We expect to see these metaphors subtly challenging and shaping the nature of our conversations about ourselves in 2023, as we are all armed with new ways of thinking about ourselves in terms of where and how boundaries are set and categories formed.
#5 Contemplating the impossible:
Greta Thurnberg famously said “To do your best is no longer good enough. We now have to do the seemingly impossible.” In a world where it is predicted we are in the midst of mass extinction event and there is a lack of progress to tackle this then no wonder that so many people feel helpless despair. We need to take guidance on possible futures from other sources: one such as ‘cli-fi’ novels about climate change that guide us into possible ways we might think of alternative future. Or Afrofuturists whose work is rooted in the desire to transform the present for Black people. To do so, Afrofuturists imagine a reality in which Black people are the agents of their own story, countering those histories that discount and dismiss their contributions.
The work by people such as Octavia Butler who says she learnt to imagine an alternate future to the drab-seeming life that was envisioned for her. Her writing built new worlds, imagining different ways of relating to others, what was possible in the future, as well as who was possible.
The question is whether in 2023 we will continue to see the work of marginalised groups gain more ground, shaping our collective imagination for different ways of living.
#6 The rise of protection:
The cost-of-living crisis means that 2023 promises to be a year where we can see more clearly than ever how our material condition, much of which is out of our control, ‘forges’ the individual’s experience of wellbeing, with one thinktank suggesting that 30 million people in the UK will be ‘priced out of decent standard of living by 2024.’ Of course, a significant minority of the population have long had to live in conditions of very real financial hardship but now that a much greater swathe of the population is affected, it is not so easy to assume it is the personal responsibility of the minority and their shortcomings.

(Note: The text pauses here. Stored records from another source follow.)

lemma borel_measurable_jb [measurable]: "jb \<in> borel_measurable lebesgue"
proof -
  have "jb \<in> borel_measurable borel" unfolding jb_def by measurable
  then have "jb \<in> borel_measurable lborel"
    by simp
  then show ?thesis
    by (rule measurable_completion)
qed

lemma nn_integral_count_space_single:
  fixes c :: "'a \<Rightarrow> ennreal"
  assumes "\<And>k. k \<noteq> m \<Longrightarrow> c k = 0"
  shows "(\<integral>\<^sup>+ k. c k \<partial>count_space UNIV) = c m"
  using nn_integral_count_space'[of "{m}" UNIV c] assms by auto

lemma inner_const_vec_Basis: "b \<in> Basis \<Longrightarrow> (\<chi> i. c) \<bullet> b = (c::real)"
  by (auto simp: Basis_vec_def inner_axis)

lemma emeasure_vec_floor_vimage_le: "emeasure lborel (vec_floor -` {k}) \<le> 1"
proof -
  have "vec_floor -` {k} \<subseteq> cbox (of_int_vec k) (of_int_vec k + (\<chi> i. 1))"
    using vec_floor_eq_iff by (fastforce simp: mem_box_cart of_int_vec_def less_imp_le)
  then have "emeasure lborel (vec_floor -` {k}) \<le> emeasure lborel (cbox (of_int_vec k) (of_int_vec k + (\<chi> i. 1)))"
    by (intro emeasure_mono) auto
  also have "\<dots> = 1"
    by (subst emeasure_lborel_cbox_eq) (auto simp: inner_const_vec_Basis inner_add_left)
  finally show ?thesis .
qed
(* Consider formal expressions built from one variable $x$ and real constants using only the binary operators $+,-,\times,\div$ (with parentheses allowed freely), and let the operator count of an expression be the number of occurrences of these operators in it. Each expression defines a function $f(x)$ wherever it is defined. Say that $f$ is admissible if: (1) $f$ is defined on all of $\mathbb{R}^+=(0,\infty)$ and takes values in $[0,1]$; (2) $f(1)=\tfrac12$; (3) $\lim_{x\to 0} f(x)=0$; (4) $\lim_{x\to\infty} f(x)=1$. Then no expression with operator count $0$ or $1$ defines an admissible function, and every expression with operator count exactly $2$ that defines an admissible function defines $f(x)=\dfrac{x}{1+x}$ (which is admissible). Consequently, with $x=\pi_i/\pi_j$ for positive strengths $\pi_i,\pi_j$, the unique admissible function of minimal operator count gives $f(\pi_i/\pi_j)=\dfrac{\pi_i}{\pi_i+\pi_j}$.
   Context: Here $x=x_{ij}=\pi_i/\pi_j$ is the ratio of positive strength parameters of items $i$ and $j$, and $f(x_{ij})$ is intended as the probability that $i$ is preferred to $j$ in a pairwise comparison. Constants may appear in place of the variable at no cost in the operator count; parentheses do not count as operators. *)

theory Defs
  imports Complex_Main
begin

datatype expr = Var | Const real
  | Add expr expr | Sub expr expr | Mul expr expr | Div expr expr

fun ops :: "expr \<Rightarrow> nat" where
  "ops Var = 0"
| "ops (Const c) = 0"
| "ops (Add a b) = Suc (ops a + ops b)"
| "ops (Sub a b) = Suc (ops a + ops b)"
| "ops (Mul a b) = Suc (ops a + ops b)"
| "ops (Div a b) = Suc (ops a + ops b)"

fun eval :: "expr \<Rightarrow> real \<Rightarrow> real option" where
  "eval Var x = Some x"
| "eval (Const c) x = Some c"
| "eval (Add a b) x = (case (eval a x, eval b x) of (Some u, Some v) \<Rightarrow> Some (u + v) | _ \<Rightarrow> None)"
| "eval (Sub a b) x = (case (eval a x, eval b x) of (Some u, Some v) \<Rightarrow> Some (u - v) | _ \<Rightarrow> None)"
| "eval (Mul a b) x = (case (eval a x, eval b x) of (Some u, Some v) \<Rightarrow> Some (u * v) | _ \<Rightarrow> None)"
| "eval (Div a b) x = (case (eval a x, eval b x) of
      (Some u, Some v) \<Rightarrow> (if v = 0 then None else Some (u / v)) | _ \<Rightarrow> None)"

definition admissible :: "expr \<Rightarrow> bool" where
  "admissible e \<longleftrightarrow>
     (\<forall>x>0. \<exists>v. eval e x = Some v \<and> 0 \<le> v \<and> v \<le> 1)
   \<and> eval e 1 = Some (1/2)
   \<and> ((\<lambda>x. the (eval e x)) \<longlongrightarrow> 0) (at_right 0)
   \<and> ((\<lambda>x. the (eval e x)) \<longlongrightarrow> 1) at_top"

end

theory Submission
  imports Defs "HOL-Computational_Algebra.Polynomial" "HOL-Real_Asymp.Real_Asymp"
begin
(* Assume (A1), (A2), (A3) (see context). If $\mathbb P$ has finite range of dependence or has negative association, then there is a constant $c>0$ such that $\mathbb P(\xi(\Lambda_\ell)=0)\le e^{-c\ell^d}$ for all $\ell\ge1$. In particular $\mathbb P$ satisfies Condition $C(\alpha)$ for every $\alpha>0$.
   Context: $\Lambda_\ell=[-\ell,\ell]^d$. $\mathcal N$ = locally finite subsets of $\mathbb R^d$, identified with counting measures ($\xi(A)=\#(\xi\cap A)$), with $\sigma$-algebra generated by $\xi\mapsto\xi(A)$; $\tau_x\xi:=\xi-x$. $\mathrm{DT}(\xi)$: graph on $\xi$ with edges $\{x,y\}$ whose Voronoi cells $\mathrm{Vor}(\cdot|\xi)=\{y:|y-\cdot|\le|y-z|\,\forall z\in\xi\}$ share a $(d-1)$-dimensional face. Setting: $(\Omega,\mathcal F,\mathcal P)$ probability space with measurable $\mathbb R^d$-action $(\theta_x)$; simple point process $\omega\mapsto\hat\omega\in\mathcal N$ with law $\mathbb P$; measurable symmetric conductances $c_{x,y}(\omega)\ge0$ vanishing off the edges of $\mathrm{DT}(\hat\omega)$. (A1) $\mathcal P$ is $\theta$-invariant and $\mathcal P(\hat\omega=\emptyset)=0$; (A2) $m:=\mathbb E[\xi([0,1]^d)]\in(0,\infty)$; (A3) on a $\theta$-invariant measurable full-measure set, $\widehat{\theta_x\omega}=\tau_x\hat\omega$ and $c_{y-x,z-x}(\theta_x\omega)=c_{y,z}(\omega)$ for all $x$ and edges $\{y,z\}$. Finite range of dependence: $\exists L>0$ such that $\xi\cap A$, $\xi\cap B$ are independent under $\mathbb P$ for Borel $A,B$ at Euclidean distance $\ge L$. Negative association: for all $n,k$, weakly increasing $f:\mathbb R_+^n\to\mathbb R$, $g:\mathbb R_+^k\to\mathbb R$, pairwise disjoint bounded Borel $A_1,\dots,A_n,B_1,\dots,B_k$: $\mathrm{Cov}_{\mathbb P}(f(\xi(A_1),\dots,\xi(A_n)),g(\xi(B_1),\dots,\xi(B_k)))\le0$ whenever both have finite second moments. Condition $C(\alpha)$: $\exists\kappa>0$ with $\mathbb P(\xi(\Lambda_\ell)=0)\le\kappa\ell^{-\alpha}$ for all $\ell\ge1$. *)

theory Defs
  imports "HOL-Probability.Probability"
begin

definition lf_sets :: "'a::euclidean_space set set" where
  "lf_sets = {\<xi>. \<forall>K. bounded K \<longrightarrow> finite (\<xi> \<inter> K)}"

text \<open>Counting measure xi(A); used only for bounded A, where it is finite.\<close>
definition pcount :: "'a::euclidean_space set \<Rightarrow> 'a set \<Rightarrow> nat" where
  "pcount \<xi> A = card (\<xi> \<inter> A)"

definition N_space :: "'a::euclidean_space set measure" where
  "N_space = sigma lf_sets
     {{\<xi> \<in> lf_sets. pcount \<xi> A = k} | A k. A \<in> sets borel \<and> bounded A}"

definition Lambda :: "real \<Rightarrow> 'a::euclidean_space set" where
  "Lambda l = cbox (- (l *\<^sub>R One)) (l *\<^sub>R One)"

definition Vor :: "'a::euclidean_space set \<Rightarrow> 'a \<Rightarrow> 'a set" where
  "Vor \<xi> x = {y. \<forall>z\<in>\<xi>. dist y x \<le> dist y z}"

text \<open>{x,y} is an edge of DT(xi): the Voronoi cells share a (d-1)-dimensional face.\<close>
definition DT_edge :: "'a::euclidean_space set \<Rightarrow> 'a \<Rightarrow> 'a \<Rightarrow> bool" where
  "DT_edge \<xi> x y \<longleftrightarrow> x \<in> \<xi> \<and> y \<in> \<xi> \<and> x \<noteq> y \<and>
     aff_dim (Vor \<xi> x \<inter> Vor \<xi> y) = int DIM('a) - 1"

definition finite_range_dep :: "'a::euclidean_space set measure \<Rightarrow> bool" where
  "finite_range_dep P \<longleftrightarrow> (\<exists>L>0. \<forall>A\<in>sets borel. \<forall>B\<in>sets borel.
      setdist A B \<ge> L \<longrightarrow>
      prob_space.indep_var P N_space (\<lambda>\<xi>. \<xi> \<inter> A) N_space (\<lambda>\<xi>. \<xi> \<inter> B))"

text \<open>f : R_+^n -> R weakly increasing, with R_+^n encoded as functions nat => real
  vanishing outside {..<n}.\<close>
definition incr_on_orthant :: "nat \<Rightarrow> ((nat \<Rightarrow> real) \<Rightarrow> real) \<Rightarrow> bool" where
  "incr_on_orthant n f \<longleftrightarrow> (\<forall>u v. (\<forall>i<n. 0 \<le> u i \<and> u i \<le> v i) \<and>
      (\<forall>i\<ge>n. u i = 0 \<and> v i = 0) \<longrightarrow> f u \<le> f v)"

definition count_vec :: "nat \<Rightarrow> (nat \<Rightarrow> 'a::euclidean_space set) \<Rightarrow> 'a set \<Rightarrow> nat \<Rightarrow> real" where
  "count_vec n A \<xi> = (\<lambda>i. if i < n then real (pcount \<xi> (A i)) else 0)"

definition neg_assoc :: "'a::euclidean_space set measure \<Rightarrow> bool" where
  "neg_assoc P \<longleftrightarrow> (\<forall>n k f g A B.
      incr_on_orthant n f \<and> incr_on_orthant k g \<and>
      (\<forall>i<n. A i \<in> sets borel \<and> bounded (A i)) \<and>
      (\<forall>j<k. B j \<in> sets borel \<and> bounded (B j)) \<and>
      disjoint_family_on A {..<n} \<and> disjoint_family_on B {..<k} \<and>
      (\<forall>i<n. \<forall>j<k. A i \<inter> B j = {}) \<and>
      integrable P (\<lambda>\<xi>. (f (count_vec n A \<xi>))\<^sup>2) \<and>
      integrable P (\<lambda>\<xi>. (g (count_vec k B \<xi>))\<^sup>2) \<longrightarrow>
      (\<integral>\<xi>. f (count_vec n A \<xi>) * g (count_vec k B \<xi>) \<partial>P)
        - (\<integral>\<xi>. f (count_vec n A \<xi>) \<partial>P) * (\<integral>\<xi>. g (count_vec k B \<xi>) \<partial>P) \<le> 0)"

definition condition_C :: "'a::euclidean_space set measure \<Rightarrow> real \<Rightarrow> bool" where
  "condition_C P \<alpha> \<longleftrightarrow> (\<exists>\<kappa>>0. \<forall>l\<ge>1.
      measure P {\<xi> \<in> space P. pcount \<xi> (Lambda l) = 0} \<le> \<kappa> * l powr (-\<alpha>))"

end

theory Submission
  imports Defs
begin

(* Let q(A) be the probability that no point of the process lies in A (the void probability).
   By stationarity every unit box x + [0,1]^d has the same void probability q < 1, the strict
   inequality coming from the positive intensity. Finite range of dependence and negative
   association both make q submultiplicative on pairs of sets at distance at least some L.
   Lambda_l contains about (l/(L+1))^d unit boxes that are pairwise L-separated, hence
   q(Lambda_l) <= q^(c l^d). Condition C(alpha) follows since exp(-C l) <= kappa l^(-alpha). *)

definition void_prob :: "'a::euclidean_space set measure \<Rightarrow> 'a set \<Rightarrow> real" where
  "void_prob P A = measure P {\<xi> \<in> space P. pcount \<xi> A = 0}"

definition void_prob_submult :: "'a::euclidean_space set measure \<Rightarrow> real \<Rightarrow> bool" where
  "void_prob_submult P L \<longleftrightarrow> (\<forall>A\<in>sets borel. \<forall>B\<in>sets borel. bounded A \<longrightarrow> bounded B \<longrightarrow>
     (\<forall>a\<in>A. \<forall>b\<in>B. L \<le> dist a b) \<longrightarrow> void_prob P (A \<union> B) \<le> void_prob P A * void_prob P B)"

lemma void_prob_submultD:
  "void_prob_submult P L \<Longrightarrow> A \<in> sets borel \<Longrightarrow> bounded A \<Longrightarrow> B \<in> sets borel \<Longrightarrow> bounded B \<Longrightarrow>
    (\<And>a b. a \<in> A \<Longrightarrow> b \<in> B \<Longrightarrow> L \<le> dist a b) \<Longrightarrow>
    void_prob P (A \<union> B) \<le> void_prob P A * void_prob P B"
  unfolding void_prob_submult_def by blast

lemma space_N_space: "space N_space = lf_sets"
  unfolding N_space_def by (rule space_measure_of) auto

lemma pcount_eq_sets_N_space:
  "A \<in> sets borel \<Longrightarrow> bounded A \<Longrightarrow> {\<xi> \<in> lf_sets. pcount \<xi> A = k} \<in> sets N_space"
  unfolding N_space_def by (subst sets_measure_of) auto

lemma lf_sets_Int: "\<xi> \<in> lf_sets \<Longrightarrow> \<xi> \<inter> A \<in> lf_sets"
  unfolding lf_sets_def by (auto intro: finite_subset)

lemma pcount_eq_0_iff: "\<xi> \<in> lf_sets \<Longrightarrow> bounded A \<Longrightarrow> pcount \<xi> A = 0 \<longleftrightarrow> \<xi> \<inter> A = {}"
  unfolding lf_sets_def pcount_def by auto

lemma pcount_Int_self: "pcount (\<xi> \<inter> A) A = pcount \<xi> A"
  by (simp add: pcount_def Int_assoc)

lemma pcount_Un_eq_0_iff:
  "\<xi> \<in> lf_sets \<Longrightarrow> bounded A \<Longrightarrow> bounded B \<Longrightarrow>
    pcount \<xi> (A \<union> B) = 0 \<longleftrightarrow> pcount \<xi> A = 0 \<and> pcount \<xi> B = 0"
  by (auto simp: pcount_eq_0_iff)

lemma void_event_sets:
  "sets P = sets N_space \<Longrightarrow> A \<in> sets borel \<Longrightarrow> bounded A \<Longrightarrow>
    {\<xi> \<in> space P. pcount \<xi> A = 0} \<in> sets P"
  using pcount_eq_sets_N_space[of A 0] by (simp add: sets_eq_imp_space_eq space_N_space)

lemma void_prob_empty: "prob_space P \<Longrightarrow> void_prob P {} = 1"
  by (simp add: void_prob_def pcount_def prob_space.prob_space)

lemma void_prob_antimono:
  assumes "prob_space P" "sets P = sets N_space" "A \<subseteq> B"
    and "A \<in> sets borel" "B \<in> sets borel" "bounded B"
  shows "void_prob P B \<le> void_prob P A"
proof -
  have "{\<xi> \<in> space P. pcount \<xi> B = 0} \<subseteq> {\<xi> \<in> space P. pcount \<xi> A = 0}"
    using assms(3,6) bounded_subset[OF assms(6,3)]
    by (auto simp: pcount_eq_0_iff sets_eq_imp_space_eq[OF assms(2)] space_N_space) blast
  then show ?thesis
    unfolding void_prob_def using bounded_subset[OF assms(6,3)]
    by (intro finite_measure.finite_measure_mono prob_space.finite_measure assms void_event_sets)
qed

The conditions of this are now such that, as we saw with COVID, when faced with existential risk, our community response is typically a sense of solidarity around measures needed to protect us. We are with widespread support for employees taking industrial action to protect themselves against the worst financial crisis in living memory. That 2023 will see ever greater demands for protection with claims that the ‘cost of living crisis’ is a sign our society has gone fundamentally wrong.
#7 Inverting reality:
Are we in a situation where we seek ever more extravagant displays to engage, enrage and entertain us but which muddles notions of reality? The TV series Ancient Apocalypse gained millions of views to hear about a thoroughly debunked theory that a super-intelligent ice-age civilisation was wiped out, a theory which it is claimed that ‘Big Archaeology’ is silencing. The Netflix series Harry & Meghan has proved to be compelling viewing, with some fully supporting their position whilst simultaneously being criticised in some quarters as being misinformation.
Perhaps in 2023 we will be in a better situation to examine the way terms such as disinformation, misinformation, fake news are often weaponised to serve particular ends, sometimes serving as a vehicle to communicate unpalatable views, political dissent but also entertainment.
We would like to take this occasion to thank you for reading and look forward to continuing our mission in ’23 of offering a behavioural science take on the big issues shaping the world.